(* Let $A$ be an associative unital algebra over a field $k$ and $\delta$ a $k$-linear derivation of $A$ such that $\delta$ is locally nilpotent if $\mathrm{char}(k)=0$, and $\delta^p=0$ if $\mathrm{char}(k)=p>0$. Suppose $\delta(x)=1$ for some $x\in A$. Then $A^\delta$ is a left Ore domain if and only if $A$ is a critically compressible left $A[z;\delta]$-module.
   Context: $A^\delta=\ker\delta$. $A[z;\delta]$ is the differential operator ring ($A[z]$ as left $A$-module, $za=az+\delta(a)$), acting on $A$ by $(\sum_i a_iz^i)\cdot x=\sum_ia_i\delta^i(x)$; $\mathrm{End}_{A[z;\delta]}(A)\cong A^\delta$. A left Ore domain is a domain $S$ with $Sa\cap Sb\neq0$ for nonzero $a,b$. A nonzero module is critically compressible if it embeds into each of its nonzero submodules and into none of its factor modules $M/N$ with $N\neq0$. *)

theory Defs
  imports Main
begin

text \<open>A k-algebra structure on the ring 'a: a unital ring homomorphism from the
field 'k into the centre of 'a.\<close>
definition algebra_map :: "('k::field \<Rightarrow> 'a::ring_1) \<Rightarrow> bool" where
  "algebra_map phi \<longleftrightarrow> phi 1 = 1 \<and> (\<forall>c d. phi (c + d) = phi c + phi d)
     \<and> (\<forall>c d. phi (c * d) = phi c * phi d) \<and> (\<forall>c a. phi c * a = a * phi c)"

definition k_derivation :: "('k::field \<Rightarrow> 'a::ring_1) \<Rightarrow> ('a \<Rightarrow> 'a) \<Rightarrow> bool" where
  "k_derivation phi \<delta> \<longleftrightarrow> (\<forall>a b. \<delta> (a + b) = \<delta> a + \<delta> b)
     \<and> (\<forall>c a. \<delta> (phi c * a) = phi c * \<delta> a)
     \<and> (\<forall>a b. \<delta> (a * b) = \<delta> a * b + a * \<delta> b)"

definition locally_nilpotent :: "('a::zero \<Rightarrow> 'a) \<Rightarrow> bool" where
  "locally_nilpotent \<delta> \<longleftrightarrow> (\<forall>a. \<exists>n. (\<delta> ^^ n) a = 0)"

definition constants :: "('a::ring_1 \<Rightarrow> 'a) \<Rightarrow> 'a set" where
  "constants \<delta> = {a. \<delta> a = 0}"

text \<open>Elements of A[z;\<delta>] (i.e. A[z] as a left
  A-module) are represented by their coefficient lists.\<close>
definition dop_act :: "('a::ring_1 \<Rightarrow> 'a) \<Rightarrow> 'a list \<Rightarrow> 'a \<Rightarrow> 'a" where
  "dop_act \<delta> cs x = (\<Sum>i<length cs. cs ! i * (\<delta> ^^ i) x)"

definition dsubmodule :: "('a::ring_1 \<Rightarrow> 'a) \<Rightarrow> 'a set \<Rightarrow> bool" where
  "dsubmodule \<delta> N \<longleftrightarrow> 0 \<in> N \<and> (\<forall>x\<in>N. \<forall>y\<in>N. x + y \<in> N) \<and> (\<forall>x\<in>N. - x \<in> N)
     \<and> (\<forall>cs. \<forall>x\<in>N. dop_act \<delta> cs x \<in> N)"

definition dhom :: "('a::ring_1 \<Rightarrow> 'a) \<Rightarrow> ('a \<Rightarrow> 'a) \<Rightarrow> bool" where
  "dhom \<delta> f \<longleftrightarrow> (\<forall>x y. f (x + y) = f x + f y)
     \<and> (\<forall>cs x. f (dop_act \<delta> cs x) = dop_act \<delta> cs (f x))"

definition embeds_into_sub :: "('a::ring_1 \<Rightarrow> 'a) \<Rightarrow> 'a set \<Rightarrow> bool" where
  "embeds_into_sub \<delta> N \<longleftrightarrow> (\<exists>f. dhom \<delta> f \<and> inj f \<and> range f \<subseteq> N)"

text \<open>A embeds (as A[z;\<delta>]-module) into the factor module A/N.  A map A \<rightarrow> A/N is
  given by a map f choosing representatives: x \<mapsto> f x + N.\<close>
definition embeds_into_factor :: "('a::ring_1 \<Rightarrow> 'a) \<Rightarrow> 'a set \<Rightarrow> bool" where
  "embeds_into_factor \<delta> N \<longleftrightarrow> (\<exists>f.
       (\<forall>x y. f (x + y) - (f x + f y) \<in> N)
     \<and> (\<forall>cs x. f (dop_act \<delta> cs x) - dop_act \<delta> cs (f x) \<in> N)
     \<and> (\<forall>x. f x \<in> N \<longrightarrow> x = 0))"
lemma rapid_decay_summable_right:
  assumes "rapid_decay x"
  shows "summable (\<lambda>k. norm (x (c + int k)))"
proof (rule summable_norm_if_sq_decay)
  have to_top: "filterlim (\<lambda>k. c + int k) at_top sequentially"
    using filterlim_compose[OF filterlim_int_add_const_at_top filterlim_int_sequentially, of c]
    by (simp add: add.commute)
  have decay: "((\<lambda>k. of_int (c + int k) ^ j * x (c + int k)) \<longlongrightarrow> 0) sequentially" for j
    using filterlim_compose[OF rapid_decayD(1)[OF assms] to_top] .
  have expand: "of_nat k ^ 2 * x (c + int k) = of_int (c + int k) ^ 2 * x (c + int k)
      - 2 * of_int c * (of_int (c + int k) ^ 1 * x (c + int k))
      + of_int c ^ 2 * (of_int (c + int k) ^ 0 * x (c + int k))" for k
    by (simp add: power2_eq_square algebra_simps)
  show "(\<lambda>k. of_nat k ^ 2 * x (c + int k)) \<longlonglongrightarrow> 0"
    unfolding expand
    using tendsto_add[OF tendsto_diff[OF decay[of 2] tendsto_mult_right_zero[OF decay[of 1]]]
        tendsto_mult_right_zero[OF decay[of 0]]]
    by (simp only: diff_zero add_0_right)
qed

lemma rapid_decay_summable_left:
  assumes "rapid_decay x"
  shows "summable (\<lambda>k. norm (x (c - int k)))"
  using rapid_decay_summable_right[OF rapid_decay_reflect[OF assms], of "- c"] by simp

section \<open>Infinite products over the integers\<close>

lemma tendsto_at_top_if_nat_restriction:
  fixes f :: "int \<Rightarrow> 'a::topological_space"
  assumes "(\<lambda>N. f (int N)) \<longlonglongrightarrow> L"
  shows "(f \<longlongrightarrow> L) at_top"
proof -
  have "eventually (\<lambda>n. f (int (nat n)) = f n) at_top"
    using eventually_ge_at_top[of 0] by (rule eventually_mono) simp
  then show ?thesis
    using filterlim_compose[OF assms filterlim_nat_sequentially] by (simp only: tendsto_cong)
qed

definition left_prod :: "(int \<Rightarrow> 'a::{comm_monoid_mult, t2_space}) \<Rightarrow> int \<Rightarrow> 'a" where
  "left_prod g n = lim (\<lambda>m::nat. \<Prod>j\<in>{n - int m..n}. g j)"

definition sym_prod :: "(int \<Rightarrow> 'a::{comm_monoid_mult, t2_space}) \<Rightarrow> 'a" where
  "sym_prod g = lim (\<lambda>m::nat. \<Prod>j\<in>{- int m..int m}. g j)"

lemma prod_int_interval_reindex_left: "(\<Prod>j\<in>{n - int m..n}. g j) = (\<Prod>i\<le>m. g (n - int i))"
  by (rule prod.reindex_bij_witness[of _ "\<lambda>i. n - int i" "\<lambda>j. nat (n - j)"]) auto

lemma prod_int_interval_reindex_right: "(\<Prod>j\<in>{1..int m}. g j) = (\<Prod>i<m. g (1 + int i))"
  by (rule prod.reindex_bij_witness[of _ "\<lambda>i. 1 + int i" "\<lambda>j. nat (j - 1)"]) auto

locale decaying_factors =
  fixes g :: "int \<Rightarrow> complex"
  assumes rapid_decay_factors: "rapid_decay (\<lambda>j. g j - 1)"
    and factors_nonzero: "g j \<noteq> 0"
begin

lemma convergent_prod_left: "convergent_prod (\<lambda>k. g (n - int k))"
  using rapid_decay_summable_left[OF rapid_decay_factors, of n]
  by (intro abs_convergent_prod_imp_convergent_prod summable_imp_abs_convergent_prod)

lemma convergent_prod_right: "convergent_prod (\<lambda>k. g (n + int k))"
  using rapid_decay_summable_right[OF rapid_decay_factors, of n]
  by (intro abs_convergent_prod_imp_convergent_prod summable_imp_abs_convergent_prod)

lemma left_partial_prods_tendsto: "(\<lambda>m. \<Prod>j\<in>{n - int m..n}. g j) \<longlonglongrightarrow> left_prod g n"
proof -
  have "(\<lambda>m. \<Prod>j\<in>{n - int m..n}. g j) \<longlonglongrightarrow> prodinf (\<lambda>k. g (n - int k))"
    unfolding prod_int_interval_reindex_left by (rule convergent_prod_LIMSEQ[OF convergent_prod_left])
  then show ?thesis
    unfolding left_prod_def by (metis limI)
qed

lemma left_prod_eq_prodinf: "left_prod g n = prodinf (\<lambda>k. g (n - int k))"
  using convergent_prod_LIMSEQ[OF convergent_prod_left] left_partial_prods_tendsto
  unfolding prod_int_interval_reindex_left by (rule LIMSEQ_unique[symmetric])

lemma left_prod_nonzero: "left_prod g n \<noteq> 0"
  unfolding left_prod_eq_prodinf using convergent_prod_left factors_nonzero by (rule prodinf_nonzero)

lemma left_prod_rec: "left_prod g n = left_prod g (n - 1) * g n"
proof -
  have "prodinf (\<lambda>k. g (n - int (Suc k))) = prodinf (\<lambda>k. g (n - int k)) / g n"
    using prodinf_split_head[OF convergent_prod_left] factors_nonzero by simp
  then show ?thesis
    unfolding left_prod_eq_prodinf using factors_nonzero by (simp add: algebra_simps)
qed

lemma left_prod_tendsto_sym_prod: "(left_prod g \<longlongrightarrow> sym_prod g) at_top"
  and sym_prod_nonzero: "sym_prod g \<noteq> 0"
proof -
  define R where "R = prodinf (\<lambda>k. g (1 + int k))"
  have right_prods: "(\<lambda>m. \<Prod>i<m. g (1 + int i)) \<longlonglongrightarrow> R"
    unfolding R_def using convergent_prod_LIMSEQ[OF convergent_prod_right]
    by (simp add: LIMSEQ_lessThan_iff_atMost add.commute)
  have "{- int m..int m} = {0 - int m..0} \<union> {1..int m}" for m by auto
  then have "(\<Prod>j\<in>{- int m..int m}. g j) = (\<Prod>j\<in>{0 - int m..0}. g j) * (\<Prod>i<m. g (1 + int i))" for m
    by (simp add: prod.union_disjoint flip: prod_int_interval_reindex_right)
  then have "(\<lambda>m. \<Prod>j\<in>{- int m..int m}. g j) \<longlonglongrightarrow> left_prod g 0 * R"
    using left_partial_prods_tendsto[of 0] right_prods by (simp add: tendsto_mult)
  then have sym: "sym_prod g = left_prod g 0 * R"
    unfolding sym_prod_def by (rule limI)
  have "left_prod g (int N) = left_prod g 0 * (\<Prod>i<N. g (1 + int i))" for N
  proof (induction N)
    case (Suc N)
    have "left_prod g (int (Suc N)) = left_prod g (int N) * g (1 + int N)"
      using left_prod_rec[of "int (Suc N)"] by simp
    with Suc show ?case by simp
  qed simp
  then have "(\<lambda>N. left_prod g (int N)) \<longlonglongrightarrow> sym_prod g"
    unfolding sym using right_prods by (simp add: tendsto_mult)
  then show "(left_prod g \<longlongrightarrow> sym_prod g) at_top"
    by (rule tendsto_at_top_if_nat_restriction)
  have "R \<noteq> 0"
    unfolding R_def using convergent_prod_right factors_nonzero by (rule prodinf_nonzero)
  then show "sym_prod g \<noteq> 0"
    unfolding sym using left_prod_nonzero by simp
qed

### Goal of the exercise
Produce a word-for-word copy of everything above from the line holding "phi c + phi d)" down to the line holding "c * \<delta> a)", with both of those lines kept.

### Exercise answer
  "algebra_map phi \<longleftrightarrow> phi 1 = 1 \<and> (\<forall>c d. phi (c + d) = phi c + phi d)
     \<and> (\<forall>c d. phi (c * d) = phi c * phi d) \<and> (\<forall>c a. phi c * a = a * phi c)"

definition k_derivation :: "('k::field \<Rightarrow> 'a::ring_1) \<Rightarrow> ('a \<Rightarrow> 'a) \<Rightarrow> bool" where
  "k_derivation phi \<delta> \<longleftrightarrow> (\<forall>a b. \<delta> (a + b) = \<delta> a + \<delta> b)
     \<and> (\<forall>c a. \<delta> (phi c * a) = phi c * \<delta> a)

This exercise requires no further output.